(Items listed in a dataset)

lemma l1_norm_pCons: "l1_norm (pCons c q) = real_of_int \<bar>c\<bar> + l1_norm q"
proof -
  have "degree (pCons c q) < Suc (Suc (degree q))" by (simp add: degree_pCons_le le_imp_less_Suc)
  then have "l1_norm (pCons c q) = (\<Sum>i<Suc (Suc (degree q)). real_of_int \<bar>coeff (pCons c q) i\<bar>)"
    by (rule l1_norm_eq_sum)
  also have "\<dots> = real_of_int \<bar>c\<bar> + (\<Sum>i<Suc (degree q). real_of_int \<bar>coeff q i\<bar>)"
    by (subst sum.lessThan_Suc_shift) simp
  finally show ?thesis by (simp add: l1_norm_def lessThan_Suc_atMost del: sum.lessThan_Suc)
qed

lemma l1_norm_mult: "l1_norm (a * b) \<le> l1_norm a * l1_norm b"
proof (induction a rule: pCons_induct)
  case (pCons c a)
  have "l1_norm (pCons c a * b) = l1_norm (smult c b + pCons 0 (a * b))" by simp
  also have "\<dots> \<le> real_of_int \<bar>c\<bar> * l1_norm b + l1_norm (a * b)"
    using l1_norm_add[of "smult c b" "pCons 0 (a * b)"] by (simp add: l1_norm_smult l1_norm_pCons)
  also have "\<dots> \<le> real_of_int \<bar>c\<bar> * l1_norm b + l1_norm a * l1_norm b" using pCons by simp
  also have "\<dots> = l1_norm (pCons c a) * l1_norm b" by (simp add: l1_norm_pCons algebra_simps)
  finally show ?case .
qed (simp add: l1_norm_def)

interpretation l1: submultiplicative_norm l1_norm
  by unfold_locales (simp_all add: l1_norm_add l1_norm_mult, simp_all add: l1_norm_def)

lemma abs_coeff_le_norm_inf1: "\<bar>coeff q j\<bar> \<le> norm_inf1 q"
proof -
  have le: "\<bar>coeff q j\<bar> \<le> norm_inf1 q" if "j \<le> degree q" for j
    unfolding norm_inf1_def using that by (intro Max_ge) auto
  show ?thesis using le[of 0] le[of j] by (cases "j \<le> degree q") (auto simp: coeff_eq_0)
qed

lemma abs_coeff_coeff_le_norm_inf2: "\<bar>coeff (coeff P i) j\<bar> \<le> norm_inf2 P"
proof -
  have le: "norm_inf1 (coeff P i) \<le> norm_inf2 P" if "i \<le> degree P" for i
    unfolding norm_inf2_def using that by (intro Max_ge) auto
  show ?thesis
    using le[of i] le[of 0] abs_coeff_le_norm_inf1[of "coeff P i" j] abs_coeff_le_norm_inf1[of "coeff P 0" 0]
    by (cases "i \<le> degree P") (auto simp: coeff_eq_0)
qed

lemma degree_coeff_le_degree_y: "degree (coeff P i) \<le> degree_y P"
  by (cases "i \<le> degree P") (auto simp: degree_y_def coeff_eq_0)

_WORK REQUIRED_
Your task is to repeat every entry exactly.

_OUTPUT OF THE EXERCISE_
lemma l1_norm_pCons: "l1_norm (pCons c q) = real_of_int \<bar>c\<bar> + l1_norm q"
proof -
  have "degree (pCons c q) < Suc (Suc (degree q))" by (simp add: degree_pCons_le le_imp_less_Suc)
  then have "l1_norm (pCons c q) = (\<Sum>i<Suc (Suc (degree q)). real_of_int \<bar>coeff (pCons c q) i\<bar>)"
    by (rule l1_norm_eq_sum)
  also have "\<dots> = real_of_int \<bar>c\<bar> + (\<Sum>i<Suc (degree q). real_of_int \<bar>coeff q i\<bar>)"
    by (subst sum.lessThan_Suc_shift) simp
  finally show ?thesis by (simp add: l1_norm_def lessThan_Suc_atMost del: sum.lessThan_Suc)
qed

lemma l1_norm_mult: "l1_norm (a * b) \<le> l1_norm a * l1_norm b"
proof (induction a rule: pCons_induct)
  case (pCons c a)
  have "l1_norm (pCons c a * b) = l1_norm (smult c b + pCons 0 (a * b))" by simp
  also have "\<dots> \<le> real_of_int \<bar>c\<bar> * l1_norm b + l1_norm (a * b)"
    using l1_norm_add[of "smult c b" "pCons 0 (a * b)"] by (simp add: l1_norm_smult l1_norm_pCons)
  also have "\<dots> \<le> real_of_int \<bar>c\<bar> * l1_norm b + l1_norm a * l1_norm b" using pCons by simp
  also have "\<dots> = l1_norm (pCons c a) * l1_norm b" by (simp add: l1_norm_pCons algebra_simps)
  finally show ?case .
qed (simp add: l1_norm_def)

interpretation l1: submultiplicative_norm l1_norm
  by unfold_locales (simp_all add: l1_norm_add l1_norm_mult, simp_all add: l1_norm_def)

lemma abs_coeff_le_norm_inf1: "\<bar>coeff q j\<bar> \<le> norm_inf1 q"
proof -
  have le: "\<bar>coeff q j\<bar> \<le> norm_inf1 q" if "j \<le> degree q" for j
    unfolding norm_inf1_def using that by (intro Max_ge) auto
  show ?thesis using le[of 0] le[of j] by (cases "j \<le> degree q") (auto simp: coeff_eq_0)
qed

lemma abs_coeff_coeff_le_norm_inf2: "\<bar>coeff (coeff P i) j\<bar> \<le> norm_inf2 P"
proof -
  have le: "norm_inf1 (coeff P i) \<le> norm_inf2 P" if "i \<le> degree P" for i
    unfolding norm_inf2_def using that by (intro Max_ge) auto
  show ?thesis
    using le[of i] le[of 0] abs_coeff_le_norm_inf1[of "coeff P i" j] abs_coeff_le_norm_inf1[of "coeff P 0" 0]
    by (cases "i \<le> degree P") (auto simp: coeff_eq_0)
qed

lemma degree_coeff_le_degree_y: "degree (coeff P i) \<le> degree_y P"
  by (cases "i \<le> degree P") (auto simp: degree_y_def coeff_eq_0)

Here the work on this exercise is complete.